Казус со специальным ключом.
Однажды на МПК-143 при выполнении учебно-боевой задачи по поиску подводных лодок, при одном из опусканий контейнера ОГАС МГ-332Т, сработала сигнализация «Вода в контейнере». Поиск был немедленно прекращён, шеститонный контейнер антенны ОГАС поднят в шахту ПОУКТ-1А. Ничего хорошего это не предвещало. Возможно, что это только минимум воды достаточный для срабатывания сигнализации (датчик располагался в самом низу контейнера), но может быть и полное затопление первого прибора, то есть всего контейнера! Немного облегчало ситуацию действие заводской гарантии — корабль был принят в состав ВМФ менее года назад. На завод немедленно ушла телеграмма строителю по гарантии, корабль был поставлен к причалу закрытому от воздействия волнения, контейнер поднят на специальных винтовых домкратах вместе с крышкой лебёдочного отделения, поставлен на технологические стопора для вскрытия и ревизии. Ко всеобщему облегчению протечка была минимальной, а вода поступала через узел заделки ввода кабельтроса в контейнер антенны ОГАС. Гарантийная бригада прибыла быстро, и было это вечером в выходной день. Конечно, никто не бросился немедленно устранять неисправность. Бригада приехала не с пустыми руками, а со значительным запасом спирта, который и стала незамедлительно употреблять не по прямому назначению, т.е. внутрь. Утром понедельника, слегка похмелившись, гарантийная бригада приступила к осмотру протекающего узла. Для вскрытия узла заделки и последующей его герметизации был привезён специальный ключ из титана, чуть ли не единственный на весь Дальний восток.
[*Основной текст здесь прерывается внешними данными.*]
(* Let $E$ be a real topological vector space, $\Omega$ a nonempty open subset of $E$, and $f_0,\dots,f_m:\Omega\to\mathbb{R}$. Let $\hat{x}$ be a solution of the problem $(\mathcal{P}_1)$: maximize $f_0(x)$ subject to $x\in\Omega$ and $f_i(x)\ge0$ for all $i\in\{1,\dots,m\}$. Assume that $f_j$ is lower semicontinuous at $\hat{x}$ for every $j\in\{1,\dots,m\}$ with $f_j(\hat{x})>0$, that each $f_i$ ($0\le i\le m$) is $D^-_M$-differentiable at $\hat{x}$, and that, after reindexing, $\{i\in\{1,\dots,m\}:f_i(\hat{x})=0\}=\{1,\dots,l\}$ with $l\ge1$. For $p\in\{0,\dots,l\}$ let $A_p=\{u\in E: D^-_Mf_i(\hat{x})(u)>0\ \text{for all } i\in\{p,\dots,l\}\}$. If $A_l\neq\emptyset$, then $A_0=\emptyset$; equivalently, $k:=\min\{i\in\{0,\dots,l\}:A_i\neq\emptyset\}$ satisfies $k\ge1$.
   Context: $D^-f(x)(u):=\liminf_{t\to0^+}\frac{f(x+tu)-f(x)}{t}$ (with $D^-f(x)(0)=0$); $D^-_Mf(x)(u):=\inf_{w\in E}\{D^-f(x)(u+w)-D^-f(x)(w)\}$; $f$ is $D^-_M$-differentiable at $x$ if both are finite for every $u\in E$. *)

theory Defs
  imports "HOL-Analysis.Analysis"
begin

class real_tvs = real_vector + topological_space +
  assumes tvs_add_continuous:
    "\<And>U a b. open U \<Longrightarrow> a + b \<in> U \<Longrightarrow>
       \<exists>V W. open V \<and> open W \<and> a \<in> V \<and> b \<in> W \<and> (\<forall>y\<in>V. \<forall>z\<in>W. y + z \<in> U)"
  assumes tvs_scaleR_continuous:
    "\<And>U r a. open U \<Longrightarrow> r *\<^sub>R a \<in> U \<Longrightarrow>
       \<exists>e>0. \<exists>W. open W \<and> a \<in> W \<and> (\<forall>s. \<bar>s - r\<bar> < e \<longrightarrow> (\<forall>y\<in>W. s *\<^sub>R y \<in> U))"

definition lsc_at :: "('a::topological_space \<Rightarrow> real) \<Rightarrow> 'a \<Rightarrow> bool" where
  "lsc_at f x \<longleftrightarrow> (\<forall>e>0. \<forall>\<^sub>F y in nhds x. f x - e < f y)"

definition dini_lower :: "('a::real_vector \<Rightarrow> real) \<Rightarrow> 'a \<Rightarrow> 'a \<Rightarrow> ereal" where
  "dini_lower f x u =
     (if u = 0 then 0
      else Liminf (at_right (0::real)) (\<lambda>t. ereal ((f (x + t *\<^sub>R u) - f x) / t)))"

definition dini_M :: "('a::real_vector \<Rightarrow> real) \<Rightarrow> 'a \<Rightarrow> 'a \<Rightarrow> ereal" where
  "dini_M f x u = (INF w. dini_lower f x (u + w) - dini_lower f x w)"

definition dini_M_differentiable :: "('a::real_vector \<Rightarrow> real) \<Rightarrow> 'a \<Rightarrow> bool" where
  "dini_M_differentiable f x \<longleftrightarrow>
     (\<forall>u. \<bar>dini_lower f x u\<bar> \<noteq> \<infinity> \<and> \<bar>dini_M f x u\<bar> \<noteq> \<infinity>)"

end

theory Submission
  imports Defs
begin

(* If some direction u lay in A 0, then along the ray xh + t u, for all small t > 0, the
   objective and every active constraint would strictly increase (a positive D^-_M derivative
   bounds the lower Dini derivative from below, taking w = 0), the inactive constraints would
   stay positive by lower semicontinuity, and the point would stay in the open set \<Omega>.
   Such a point is feasible with a larger objective value, contradicting maximality of xh. *)

lemma tvs_isCont_ray:
  fixes x u :: "'a::real_tvs" and t0 :: real
  shows "isCont (\<lambda>t. x + t *\<^sub>R u) t0"
  unfolding isCont_def
proof (rule topological_tendstoI)
  fix S assume "open S" "x + t0 *\<^sub>R u \<in> S"
  then obtain V W where VW: "open V" "open W" "x \<in> V" "t0 *\<^sub>R u \<in> W"
      "\<forall>y\<in>V. \<forall>z\<in>W. y + z \<in> S"
    using tvs_add_continuous[of S x "t0 *\<^sub>R u"] by auto
  then obtain e W' where "e > 0" "u \<in> W'" "\<forall>s. \<bar>s - t0\<bar> < e \<longrightarrow> (\<forall>y\<in>W'. s *\<^sub>R y \<in> W)"
    using tvs_scaleR_continuous[of W t0 u] by auto
  with VW show "\<forall>\<^sub>F t in at t0. x + t *\<^sub>R u \<in> S"
    unfolding eventually_at by (intro exI[of _ e]) (auto simp: dist_real_def)
qed

lemma tvs_eventually_along_ray:
  fixes x u :: "'a::real_tvs"
  assumes "eventually P (nhds x)"
  shows "\<forall>\<^sub>F t in at_right (0::real). P (x + t *\<^sub>R u)"
proof -
  have "((\<lambda>t. x + t *\<^sub>R u) \<longlongrightarrow> x) (at 0)"
    using tvs_isCont_ray[of 0 x u] by (simp add: isCont_def)
  then have "((\<lambda>t. x + t *\<^sub>R u) \<longlongrightarrow> x) (at_right 0)"
    by (rule tendsto_mono[rotated]) (simp add: at_le)
  then show ?thesis
    using assms by (simp add: filterlim_iff)
qed

lemma lsc_at_eventually_greater:
  assumes "lsc_at f x" "c < f x"
  shows "\<forall>\<^sub>F y in nhds x. c < f y"
proof -
  have "\<forall>\<^sub>F y in nhds x. f x - (f x - c) < f y"
    using assms(1)[unfolded lsc_at_def, rule_format, of "f x - c"] assms(2) by simp
  then show ?thesis
    by simp
qed

lemma dini_M_le_dini_lower: "dini_M f x u \<le> dini_lower f x u"
proof -
  have "dini_M f x u \<le> dini_lower f x (u + 0) - dini_lower f x 0"
    unfolding dini_M_def by (rule INF_lower) simp
  then show ?thesis
    by (simp add: dini_lower_def)
qed

lemma dini_lower_pos_eventually_increasing:
  assumes "0 < dini_lower f x u"
  shows "\<forall>\<^sub>F t in at_right (0::real). f x < f (x + t *\<^sub>R u)"
proof -
  have "u \<noteq> 0"
    using assms by (auto simp: dini_lower_def)
  with assms have "0 < Liminf (at_right (0::real)) (\<lambda>t. ereal ((f (x + t *\<^sub>R u) - f x) / t))"
    by (simp add: dini_lower_def)
  then have "\<forall>\<^sub>F t in at_right (0::real). 0 < (f (x + t *\<^sub>R u) - f x) / t"
    using less_LiminfD by fastforce
  with eventually_at_right_less[of "0::real"] show ?thesis
    by eventually_elim (simp add: zero_less_divide_iff)
qed

lemma dini_M_pos_eventually_increasing:
  assumes "0 < dini_M f x u"
  shows "\<forall>\<^sub>F t in at_right (0::real). f x < f (x + t *\<^sub>R u)"
  using assms dini_M_le_dini_lower[of f x u]
  by (intro dini_lower_pos_eventually_increasing) simp

lemma maximizer_no_dini_M_ascent_direction:
  fixes f :: "nat \<Rightarrow> 'a::real_tvs \<Rightarrow> real"
  assumes "open \<Omega>" "xh \<in> \<Omega>"
    and feasible: "\<forall>i\<in>{1..m}. f i xh \<ge> 0"
    and maximal: "\<forall>x\<in>\<Omega>. (\<forall>i\<in>{1..m}. f i x \<ge> 0) \<longrightarrow> f 0 x \<le> f 0 xh"
    and lsc: "\<forall>i\<in>{1..m}. f i xh > 0 \<longrightarrow> lsc_at (f i) xh"
    and ascent_objective: "dini_M (f 0) xh u > 0"
    and ascent_active: "\<forall>i\<in>{1..m}. f i xh = 0 \<longrightarrow> dini_M (f i) xh u > 0"
  shows False
proof -
  have constraint: "\<forall>\<^sub>F t in at_right (0::real). f i (xh + t *\<^sub>R u) \<ge> 0" if "i \<in> {1..m}" for i
  proof (cases "f i xh = 0")
    case True
    then show ?thesis
      using that ascent_active dini_M_pos_eventually_increasing[of "f i" xh u]
      by (auto elim: eventually_mono)
  next
    case False
    with that feasible have "f i xh > 0"
      by force
    with that lsc have "\<forall>\<^sub>F y in nhds xh. 0 < f i y"
      by (intro lsc_at_eventually_greater) auto
    then have "\<forall>\<^sub>F t in at_right (0::real). 0 < f i (xh + t *\<^sub>R u)"
      by (rule tvs_eventually_along_ray)
    then show ?thesis
      by (rule eventually_mono) simp
  qed
  have "\<forall>\<^sub>F t in at_right (0::real). xh + t *\<^sub>R u \<in> \<Omega>"
    using assms(1,2) by (intro tvs_eventually_along_ray eventually_nhds_in_open)
  moreover have "\<forall>\<^sub>F t in at_right (0::real). \<forall>i\<in>{1..m}. f i (xh + t *\<^sub>R u) \<ge> 0"
    using constraint by (intro eventually_ball_finite) auto
  moreover have "\<forall>\<^sub>F t in at_right (0::real). f 0 xh < f 0 (xh + t *\<^sub>R u)"
    using ascent_objective by (rule dini_M_pos_eventually_increasing)
  ultimately have "\<forall>\<^sub>F t in at_right (0::real). False"
    by eventually_elim (use maximal in force)
  then show False
    by simp
qed

theorem lemma3p7:
  fixes f :: "nat \<Rightarrow> 'a::real_tvs \<Rightarrow> real"
    and \<Omega> :: "'a set" and xh :: 'a and m l :: nat
    and A :: "nat \<Rightarrow> 'a set"
  assumes "open \<Omega>" and "\<Omega> \<noteq> {}"
    and sol_feas: "xh \<in> \<Omega>" "\<forall>i\<in>{1..m}. f i xh \<ge> 0"
    and sol_max: "\<forall>x\<in>\<Omega>. (\<forall>i\<in>{1..m}. f i x \<ge> 0) \<longrightarrow> f 0 x \<le> f 0 xh"
    and lsc: "\<forall>j\<in>{1..m}. f j xh > 0 \<longrightarrow> lsc_at (f j) xh"
    and diff: "\<forall>i\<in>{0..m}. dini_M_differentiable (f i) xh"
    and active: "{i\<in>{1..m}. f i xh = 0} = {1..l}" and "l \<ge> 1"
    and A_def: "\<forall>p\<in>{0..l}. A p = {u. \<forall>i\<in>{p..l}. dini_M (f i) xh u > 0}"
    and "A l \<noteq> {}"
  shows "A 0 = {}"
proof (rule ccontr)
  assume "A 0 \<noteq> {}"
  then obtain u where "\<forall>i\<in>{0..l}. dini_M (f i) xh u > 0"
    using A_def by auto
  moreover have "\<forall>i\<in>{1..m}. f i xh = 0 \<longrightarrow> i \<in> {0..l}"
    using active by auto
  ultimately show False
    using maximizer_no_dini_M_ascent_direction[OF \<open>open \<Omega>\<close> sol_feas sol_max lsc, of u]
    by auto
qed

end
Вот именно этот ключ, при использовании без страховочной стропки, выскользнул из рук не сильно трезвого монтажника гарантийной бригады и, жалобно тренькнув, упал между стенкой шахты ПОУКТ-1А и контейнером. Зазор между шахтой и контейнером составлял 35-40 см. Причём сам контейнер был частично погружён в воду по действующую ватерлинию. Нет, ключ не упал на дно морское, он упал на крышку шахты ПОУКТ-1А внутри шахты. Гарантийный ремонт остановился не начавшись.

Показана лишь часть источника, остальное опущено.